If the only way Libertopia can optimally function is by banking on centuries of government-facilitated social changes, then its farcical to act as though libertarianism is a practical philosophy. Again, it’s like arguing that we don’t need public health agencies because people rarely get sick from water and food anymore. If that’s true, that is only because public health agencies have been effective.

Funny, I was just thinking about this as I was composing one of my own posts. One limitation of adhering to a strict “discuss this issue and only this issue in this thread” is that libertarian ideals cannot be understood thoroughly in a vacuum. There are certainly libertarian positions, like the one you mention, that don’t work well if instituted by themselves. I think we can’t expect these threads to operate on a strict “one issue at a time” policy, but I hope people will not bring in extraneous issues not related to the one we’re discussing.

The purple unicorn crowd’s logic seems to be thus:

Cases of polio going down? Who needs vaccines?
Nobody dying from tainted beef? Who needs the USDA?
No more sundown towns? Who needs the Civil Rights Act?

So a law that has worked quite well in greatly reducing institutional discrimination would be unneeded in this hypothetical government that has never existed anywhere on the planet because- well just because.

I want to say that no one is proposing there would be no more sundown towns, but Bone has sort of said that, so I’ll ask him to clarify. Do you really think there would not be a single sundown town in the US, no matter how small, if Title II was eliminated?

As it is, if a town in the US today was determined to become a sundown town, they just make all the key establishments private clubs and they can then discriminate all they want. And yet that has not happened, has it?

I think the result was good and the method was bad, but understandable.

I don’t take it for granted either. This belief system is much less compelling if we go back in time 50 or 100 years. I would still support it most likely but there are strong arguments against it for various reasons. The fact is, the US today is a very different place than it was many years ago. Societal shifts have made attitudes towards racism very negative, and rightly so. I suspect the same will happen towards the LGBT community as well and hope that happens as fast as possible. The system of government that best serves its population is not static.

What people like **John **and others who hold libertarian beliefs feel is that the country would be better served if it moved in the direction toward the libertarian ideal moreso than it is now. Getting government mostly out of the regulation of commerce is one way that can happen. As a side effect, things like certain protections of the civil rights act would be abandoned not because of an effort to shelter racists, but because it would be the logical extension of the retraction of government from commerce.

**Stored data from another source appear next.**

(* Let $n$ individuals be connected by a directed graph with in-neighborhoods $\mathcal N_i$ (self-loops allowed), and suppose the potential outcomes are linear: $Y_i(\mathbf z)=c_{i,\emptyset}+\sum_{j\in\mathcal N_i}c_{ij}z_j$. Let $L_j=\sum_{i:j\in\mathcal N_i}|c_{ij}|$ and $L_{\max}=\max_jL_j$. Observations are $Y^{\mathrm{obs}}_{i,t}=Y_i(\mathbf z^t)+\varepsilon_{i,t}$ for $t=0,1$, with $\varepsilon_{i,t}$ i.i.d. $N(0,\sigma^2)$ independent of treatments, and $\mathbf z^0=\mathbf 0$. (1) If $\mathbf z^1$ has i.i.d. Bernoulli$(p)$ entries ($0<p\le1$), the estimator $\widehat{\mathrm{TTE}}=\frac1{p}\cdot\frac1n\sum_i(Y^{\mathrm{obs}}_{i,1}-Y^{\mathrm{obs}}_{i,0})$ has variance at most $\frac{1-p}{np}L_{\max}^2+\frac{2\sigma^2}{np^2}$. (2) If $\mathbf z^1$ is the indicator of a uniformly random subset of size $k$ ($1\le k\le n$), the estimator $\widehat{\mathrm{TTE}}=\frac nk\cdot\frac1n\sum_i(Y^{\mathrm{obs}}_{i,1}-Y^{\mathrm{obs}}_{i,0})$ has variance at most $\frac{n-k}{(n-1)k}L_{\max}^2+\frac{2\sigma^2 n}{k^2}$.
   Context: These estimators are the polynomial-interpolation estimators $\sum_{t=0}^1(\ell_t(1)-\ell_t(0))\frac1n\sum_iY^{\mathrm{obs}}_{i,t}$ with interpolation nodes $(0,p)$ and $(0,k/n)$ respectively, written out explicitly. *)

theory Defs
  imports "HOL-Probability.Probability"
begin

definition lin_outcome ::
  "(nat \<Rightarrow> real) \<Rightarrow> (nat \<Rightarrow> nat \<Rightarrow> real) \<Rightarrow> (nat \<Rightarrow> nat set) \<Rightarrow> nat \<Rightarrow> (nat \<Rightarrow> real) \<Rightarrow> real"
  where "lin_outcome c0 c N i z = c0 i + (\<Sum>j\<in>N i. c i j * z j)"
(* Let $\Gamma$ be a metrized graph and let $p,q,s,t,u\in\Gamma$ with $p\neq q$. Then $$j_u(t,s)=j_u^{\Gamma_{pq}}(t,s)+\frac{\big(j_p(q,t)-j_p(q,u)\big)^2+\big(j_p(q,s)-j_p(q,u)\big)^2-\big(j_p(q,t)-j_p(q,s)\big)^2}{2r(p,q)}$$ $$=j_u^{\Gamma_{pq}}(t,s)+\frac{1}{r(p,q)}\big(j_p(q,u)-j_p(q,t)\big)\big(j_p(q,u)-j_p(q,s)\big).$$
   Context: A metrized graph $\Gamma$ is a finite connected graph (multiple edges and self-loops allowed) in which each edge is identified with a closed line segment of positive length. $\Gamma$ is regarded as a resistive electric circuit in which each edge is a resistor whose resistance equals its length. $r(x,y)$ is the effective resistance between $x$ and $y$; $j_z(x,y)$ is the voltage at $x$ when a unit current enters at $y$ and exits at $z$, with reference voltage $0$ at $z$. $\Gamma_{pq}$ is the metrized graph obtained from $\Gamma$ by identifying $p$ and $q$, and $j^{\Gamma_{pq}}$ is its voltage function. *)

theory Defs
  imports "HOL-Analysis.Analysis"
begin

text \<open>A metrized graph is given by a combinatorial model: a finite connected multigraph
(self-loops and multiple edges allowed) whose edges carry positive lengths.  Each edge e is
identified with the segment [0, len e], position 0 being src e and position len e being tgt e.\<close>

record ('v, 'e) mgraph =
  verts :: "'v set"
  edges :: "'e set"
  src   :: "'e \<Rightarrow> 'v"
  tgt   :: "'e \<Rightarrow> 'v"
  len   :: "'e \<Rightarrow> real"

definition adj :: "('v, 'e) mgraph \<Rightarrow> ('v \<times> 'v) set" where
  "adj G = {(src G e, tgt G e) | e. e \<in> edges G} \<union> {(tgt G e, src G e) | e. e \<in> edges G}"

definition metrized_graph :: "('v, 'e) mgraph \<Rightarrow> bool" where
  "metrized_graph G \<longleftrightarrow>
     finite (verts G) \<and> verts G \<noteq> {} \<and> finite (edges G) \<and>
     (\<forall>e\<in>edges G. src G e \<in> verts G \<and> tgt G e \<in> verts G \<and> len G e > 0) \<and>
     (\<forall>v\<in>verts G. \<forall>w\<in>verts G. (v, w) \<in> (adj G)\<^sup>*)"

datatype ('v, 'e) point = Vert 'v | Inner 'e real

definition points :: "('v, 'e) mgraph \<Rightarrow> ('v, 'e) point set" where
  "points G = Vert ` verts G \<union> {Inner e t | e t. e \<in> edges G \<and> 0 < t \<and> t < len G e}"
lemma fps_cong_power_le: "n \<le> m \<Longrightarrow> fps_cong (p ^ m) A B \<Longrightarrow> fps_cong (p ^ n) A B"
  by (erule fps_cong_dvd[OF le_imp_power_dvd])

lemma fps_cong_mult_const: "fps_cong q A 0 \<Longrightarrow> fps_cong (r * q) (fps_const r * A) 0"
  by (simp add: fps_cong_def mult_dvd_mono)

lemma fps_cong_mult_const_cancel:
  fixes c :: "'a::idom"
  shows "c \<noteq> 0 \<Longrightarrow> fps_cong (c * q) (fps_const c * A) 0 \<Longrightarrow> fps_cong q A 0"
  by (simp add: fps_cong_def)

lemma fps_cong_0_iff_dvd: "fps_cong q A 0 \<longleftrightarrow> fps_const q dvd A"
proof
  assume "fps_cong q A 0"
  then have "\<forall>i. \<exists>c. A $ i = q * c"
    by (auto simp: fps_cong_def elim: dvdE)
  then obtain c where "\<And>i. A $ i = q * c i"
    by metis
  then have "A = fps_const q * Abs_fps c"
    by (simp add: fps_eq_iff)
  then show "fps_const q dvd A" ..
next
  assume "fps_const q dvd A"
  then obtain W where "A = fps_const q * W"
    by (elim dvdE)
  then show "fps_cong q A 0"
    by (simp add: fps_cong_def)
qed

lemma fps_cong_X_power_mult_cancel:
  assumes "fps_cong q (fps_X ^ e * W) R" "\<And>i. e \<le> i \<Longrightarrow> R $ i = 0"
  shows "fps_cong q W 0"
  unfolding fps_cong_def
proof
  fix j
  have "q dvd (fps_X ^ e * W - R) $ (j + e)"
    using assms(1) unfolding fps_cong_def by blast
  then show "q dvd (W - 0) $ j"
    using assms(2) by (simp add: fps_X_power_mult_nth)
qed

section \<open>Principal ideal domains\<close>

lemma dvd_chain_le:
  fixes c :: "nat \<Rightarrow> 'a::comm_monoid_mult"
  assumes "\<And>k. c (Suc k) dvd c k" "k \<le> l"
  shows "c l dvd c k"
  using assms(2)
proof (induction rule: dec_induct)
  case (step n)
  then show ?case
    using assms(1)[of n] dvd_trans by blast
qed simp

lemma dvd_unit_mult_cancel:
  fixes a :: "'a::comm_monoid_mult"
  assumes "u dvd 1" "a dvd u * b"
  shows "a dvd b"
proof -
  obtain v where "1 = u * v"
    using assms(1) by (elim dvdE)
  then have "b = u * b * v"
    by (metis mult.assoc mult.commute mult_1)
  then show ?thesis
    using assms(2) by (metis dvd_mult2)
qed

lemma pid_ring_ideal_generator:
  fixes I :: "'a::idom set"
  assumes "pid_ring TYPE('a)" "0 \<in> I" "\<And>x y. x \<in> I \<Longrightarrow> y \<in> I \<Longrightarrow> x + y \<in> I"
    "\<And>r x. x \<in> I \<Longrightarrow> r * x \<in> I"
  shows "\<exists>a\<in>I. \<forall>x\<in>I. a dvd x"
proof -
  have "0 \<in> I \<and> (\<forall>x\<in>I. \<forall>y\<in>I. x + y \<in> I) \<and> (\<forall>x\<in>I. \<forall>r. r * x \<in> I)"
    using assms(2-4) by blast
  then obtain a where a: "I = {r * a | r. True}"
    using spec[OF assms(1)[unfolded pid_ring_def], of I] by blast
  have "a \<in> I"
    unfolding a by (rule CollectI, rule exI[of _ 1]) simp
  moreover have "\<forall>x\<in>I. a dvd x"
    unfolding a by auto
  ultimately show ?thesis
    by blast
qed
lemma length_one_encoding_ignores_request:
  assumes len1: "\<forall>b\<in>msg_space m q. \<phi> b \<in> {1..1} \<rightarrow>\<^sub>E {..<q}"
    and dec: "decodes m q \<phi> A w" and "w \<in> A" "w \<in> {1..m}"
    and "u \<in> A" "u \<in> {1..m}" "u \<noteq> w"
    and b: "b \<in> msg_space m q" and "y < q"
  shows "\<phi> (b(u := y)) = \<phi> b"
proof -
  let ?X = "{1..m} - A"
  have sep: "b' w = b'' w"
    if "b' \<in> msg_space m q" "b'' \<in> msg_space m q" "\<phi> b' = \<phi> b''"
       "restrict b' ?X = restrict b'' ?X" for b' b''
    using dec that unfolding decodes_iff_separates by blast
  have symbol_eq: "\<phi> b' = \<phi> b''"
    if "b' \<in> msg_space m q" "b'' \<in> msg_space m q" "\<phi> b' 1 = \<phi> b'' 1" for b' b''
    using that len1 by (intro PiE_ext[of _ "{1..1}" "\<lambda>_. {..<q}"]) auto
  have bw: "b(w := x) \<in> msg_space m q" if "x < q" for x
    using fun_upd_in_msg_space[OF b \<open>w \<in> {1..m}\<close> that] .
  have by': "b(u := y) \<in> msg_space m q"
    using fun_upd_in_msg_space[OF b \<open>u \<in> {1..m}\<close> \<open>y < q\<close>] .
  define h where "h x = \<phi> (b(w := x)) 1" for x
  have "inj_on h {..<q}"
  proof (rule inj_onI)
    fix x x' assume "x \<in> {..<q}" "x' \<in> {..<q}" "h x = h x'"
    then show "x = x'"
      using sep[OF bw bw symbol_eq[OF bw bw]] \<open>w \<in> A\<close> unfolding h_def by auto
  qed
  moreover have "h ` {..<q} \<subseteq> {..<q}"
    using len1 bw unfolding h_def by (auto simp: PiE_iff)
  ultimately have "h ` {..<q} = {..<q}"
    by (simp add: endo_inj_surj)
  moreover have "\<phi> (b(u := y)) 1 \<in> {..<q}"
    using len1 by' by (auto simp: PiE_iff)
  ultimately obtain x where x: "x < q" "\<phi> (b(u := y)) 1 = h x"
    by (metis imageE lessThan_iff)
  then have eq: "\<phi> (b(u := y)) = \<phi> (b(w := x))"
    using symbol_eq[OF by' bw] unfolding h_def by blast
  have "restrict (b(u := y)) ?X = restrict (b(w := x)) ?X"
    using \<open>u \<in> A\<close> \<open>w \<in> A\<close> by simp
  then have "b w = x"
    using sep[OF by' bw[OF x(1)] eq] \<open>u \<noteq> w\<close> by simp
  then show ?thesis
    using eq by (metis fun_upd_triv)
qed

lemma length_one_scheme_independent:
  assumes "1 < q" and R: "\<forall>i\<in>{1..n}. R i \<subseteq> {1..m}"
    and scheme: "picod_scheme m n R q 1 \<phi>"
  shows "\<exists>d. (\<forall>i\<in>{1..n}. d i \<in> R i) \<and> hg_independent m (picod_edges n R) (d ` {1..n})"
proof -
  have len1: "\<forall>b\<in>msg_space m q. \<phi> b \<in> {1..1} \<rightarrow>\<^sub>E {..<q}"
    using scheme unfolding picod_scheme_def by blast
  have "\<forall>i\<in>{1..n}. \<exists>j. j \<in> R i \<and> decodes m q \<phi> (R i) j"
    using scheme unfolding picod_scheme_iff_decodes by blast
  then obtain d where dR: "\<forall>i\<in>{1..n}. d i \<in> R i"
    and dec: "\<forall>i\<in>{1..n}. decodes m q \<phi> (R i) (d i)"
    by metis
  have only_decoded_index_in_request: "d a = d k"
    if k: "k \<in> {1..n}" and a: "a \<in> {1..n}" and da: "d a \<in> R k" for k a
  proof (rule ccontr)
    assume ne: "d a \<noteq> d k"
    define z where "z = (\<lambda>i\<in>{1..m}. 0 :: nat)"
    have z: "z \<in> msg_space m q"
      using zero_in_msg_space \<open>1 < q\<close> z_def by simp
    have dam: "d a \<in> {1..m}" and dkm: "d k \<in> {1..m}"
      using R dR k da by blast+
    have "\<phi> (z(d a := 1)) = \<phi> z"
      using length_one_encoding_ignores_request[OF len1 dec[rule_format, OF k] _ dkm da dam ne z
          \<open>1 < q\<close>] dR k by blast
    then have "z (d a) = 1"
      using decodes_fun_upd[OF dec[rule_format, OF a] _ dam z \<open>1 < q\<close>] dR a by blast
    then show False
      using dam by (simp add: z_def)
  qed
  have "hg_independent m (picod_edges n R) (d ` {1..n})"
    unfolding hg_independent_def picod_edges_def
  proof (intro conjI ballI impI notI)
    show "d ` {1..n} \<subseteq> {1..m}"
      using R dR by blast
  next
    fix u v assume "u \<in> d ` {1..n}" "v \<in> d ` {1..n}" "u \<noteq> v"
      and "\<exists>e\<in>R ` {1..n}. u \<in> e \<and> v \<in> e"
    then obtain a b k where "a \<in> {1..n}" "b \<in> {1..n}" "k \<in> {1..n}"
      "d a \<in> R k" "d b \<in> R k" "d a \<noteq> d b"
      by blast
    then show False
      using only_decoded_index_in_request by metis
  qed
  then show ?thesis
    using dR by blast
qed

definition parity_encoding :: "nat set \<Rightarrow> (nat \<Rightarrow> nat) \<Rightarrow> (nat \<Rightarrow> nat)" where
  "parity_encoding D b = (\<lambda>k\<in>{1..1}. (\<Sum>x\<in>D. b x) mod 2)"

lemma parity_encoding_decodes:
  assumes "finite D" "D \<subseteq> {1..m}" "j \<in> D" "D \<inter> A \<subseteq> {j}"
  shows "decodes m 2 (parity_encoding D) A j"
  unfolding decodes_iff_separates
proof (intro ballI impI)
  fix b b' assume b: "b \<in> msg_space m 2" and b': "b' \<in> msg_space m 2"
    and "parity_encoding D b = parity_encoding D b'"
    and side: "restrict b ({1..m} - A) = restrict b' ({1..m} - A)"
  then have "(\<Sum>x\<in>D. b x) mod 2 = (\<Sum>x\<in>D. b' x) mod 2"
    unfolding parity_encoding_def by (metis atLeastAtMost_singleton insertI1 restrict_apply')
  moreover have "(\<Sum>x\<in>D - {j}. b x) = (\<Sum>x\<in>D - {j}. b' x)"
  proof (rule sum.cong)
    fix x assume "x \<in> D - {j}"
    then have "x \<in> {1..m} - A"
      using assms by blast
    then show "b x = b' x"
      using side by (metis restrict_apply')
  qed simp
  ultimately have "(b j + (\<Sum>x\<in>D - {j}. b x)) mod 2 = (b' j + (\<Sum>x\<in>D - {j}. b x)) mod 2"
    using sum.remove[OF \<open>finite D\<close> \<open>j \<in> D\<close>] by metis
  moreover have "b j < 2" "b' j < 2"
    using b b' assms unfolding msg_space_def by (auto simp: PiE_iff)
  ultimately show "b j = b' j"
    by presburger
qed

lemma independent_parity_scheme:
  assumes dR: "\<forall>i\<in>{1..n}. d i \<in> R i"
    and ind: "hg_independent m (picod_edges n R) (d ` {1..n})"
  shows "picod_scheme m n R 2 1 (parity_encoding (d ` {1..n}))"
  unfolding picod_scheme_iff_decodes
proof (intro conjI ballI)
  show "parity_encoding (d ` {1..n}) b \<in> {1..1} \<rightarrow>\<^sub>E {..<2}" for b
    by (simp add: parity_encoding_def)
next
  fix i assume i: "i \<in> {1..n}"
  have "d ` {1..n} \<inter> R i \<subseteq> {d i}"
    using ind dR i unfolding hg_independent_def picod_edges_def by blast
  then have "decodes m 2 (parity_encoding (d ` {1..n})) (R i) (d i)"
    using ind i by (intro parity_encoding_decodes) (auto simp: hg_independent_def)
  then show "\<exists>j\<in>R i. decodes m 2 (parity_encoding (d ` {1..n})) (R i) j"
    using dR i by blast
qed

lemma uncoded_scheme:
  assumes "\<forall>i\<in>{1..n}. R i \<noteq> {}"
  shows "picod_scheme m n R q m (\<lambda>b. b)"
  unfolding picod_scheme_iff_decodes
proof (intro conjI ballI)
  show "b \<in> {1..m} \<rightarrow>\<^sub>E {..<q}" if "b \<in> msg_space m q" for b
    using that by (simp add: msg_space_def)
next
  fix i assume "i \<in> {1..n}"
  then obtain j where "j \<in> R i"
    using assms by blast
  moreover have "decodes m q (\<lambda>b. b) (R i) j"
    unfolding decodes_def by (rule exI[of _ "\<lambda>c s. c j"]) simp
  ultimately show "\<exists>j\<in>R i. decodes m q (\<lambda>b. b) (R i) j"
    by blast
qed

lemma beta_q_scheme:
  assumes "\<forall>i\<in>{1..n}. R i \<noteq> {}"
  shows "\<exists>\<phi>. picod_scheme m n R q (beta_q m n R q) \<phi>"
  unfolding beta_q_def by (rule LeastI_ex) (use uncoded_scheme[OF assms] in blast)

lemma beta_eq_1_iff:
  assumes "1 \<le> n" "\<forall>i\<in>{1..n}. R i \<subseteq> {1..m} \<and> R i \<noteq> {}"
  shows "beta m n R = 1 \<longleftrightarrow> (\<exists>q \<phi>. primepow q \<and> picod_scheme m n R q 1 \<phi>)"
proof -
  let ?K = "beta_q m n R ` {q. primepow q}"
  have "?K \<noteq> {}"
    using primepow_prime[OF two_is_prime_nat] by blast
  then have beta_in: "beta m n R \<in> ?K"
    unfolding beta_def by (rule Inf_nat_def1)
  have ge1: "1 \<le> beta_q m n R q" if "primepow q" for q
  proof (rule ccontr)
    assume "\<not> 1 \<le> beta_q m n R q"
    then have "beta_q m n R q = 0"
      by simp
    then obtain \<phi> where "picod_scheme m n R q 0 \<phi>"
      using beta_q_scheme[of n R m q] assms(2) by auto
    moreover have "R 1 \<subseteq> {1..m}"
      using assms by auto
    ultimately show False
      using no_length_zero_scheme primepow_gt_Suc_0[OF that] assms(1) by auto
  qed
  show ?thesis
  proof
    assume "beta m n R = 1"
    then obtain q where "primepow q" "beta_q m n R q = 1"
      using beta_in by auto
    then show "\<exists>q \<phi>. primepow q \<and> picod_scheme m n R q 1 \<phi>"
      using beta_q_scheme[of n R m q] assms(2) by auto
  next
    assume "\<exists>q \<phi>. primepow q \<and> picod_scheme m n R q 1 \<phi>"
    then obtain q where q: "primepow q" and "beta_q m n R q \<le> 1"
      unfolding beta_q_def by (blast intro: Least_le)
    moreover have "beta m n R \<le> beta_q m n R q"
      unfolding beta_def using q by (intro cInf_lower) auto
    ultimately show "beta m n R = 1"
      using beta_in ge1 by fastforce
  qed
qed

theorem lemma3:
  fixes m n :: nat and R :: "nat \<Rightarrow> nat set"
  assumes "n \<ge> 1"
    and "\<forall>i\<in>{1..n}. R i \<subseteq> {1..m} \<and> R i \<noteq> {}"
  shows "beta m n R = 1 \<longleftrightarrow>
    (\<exists>d :: nat \<Rightarrow> nat. (\<forall>i\<in>{1..n}. d i \<in> R i) \<and>
       hg_independent m (picod_edges n R) (d ` {1..n}))"
  unfolding beta_eq_1_iff[OF assms]
proof
  assume "\<exists>q \<phi>. primepow q \<and> picod_scheme m n R q 1 \<phi>"
  then obtain q \<phi> where "primepow q" "picod_scheme m n R q 1 \<phi>"
    by blast
  then show "\<exists>d. (\<forall>i\<in>{1..n}. d i \<in> R i) \<and> hg_independent m (picod_edges n R) (d ` {1..n})"
    using length_one_scheme_independent[of q n R m \<phi>] primepow_gt_Suc_0 assms(2) by auto
next
  assume "\<exists>d. (\<forall>i\<in>{1..n}. d i \<in> R i) \<and> hg_independent m (picod_edges n R) (d ` {1..n})"
  then show "\<exists>q \<phi>. primepow q \<and> picod_scheme m n R q 1 \<phi>"
    using independent_parity_scheme primepow_prime[OF two_is_prime_nat] by blast
qed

Slavery is a non-starter in a libertarian society. Government would employ whatever force necessary to eradicate it. Genocide too, of course. And I believe there is a place for public health/water agencies to ensure the safety of what we eat/drink. It would be a different character than what we currently have, but they would exist for sure.

I keep seeing this be treated as a given. Why?

A libertarian government, by definition, is small with significantly less power than a non-libertarian one. Correct?

So how would such a small government be capable of employing sufficient force to eradicate a financial behemoth like slavery? And why do we have any reason to believe libertarian law would have recognized black people as people entitled to the same rights as whites? This notion must be pre-supposed to make your assertion true, but I see no reason to do that.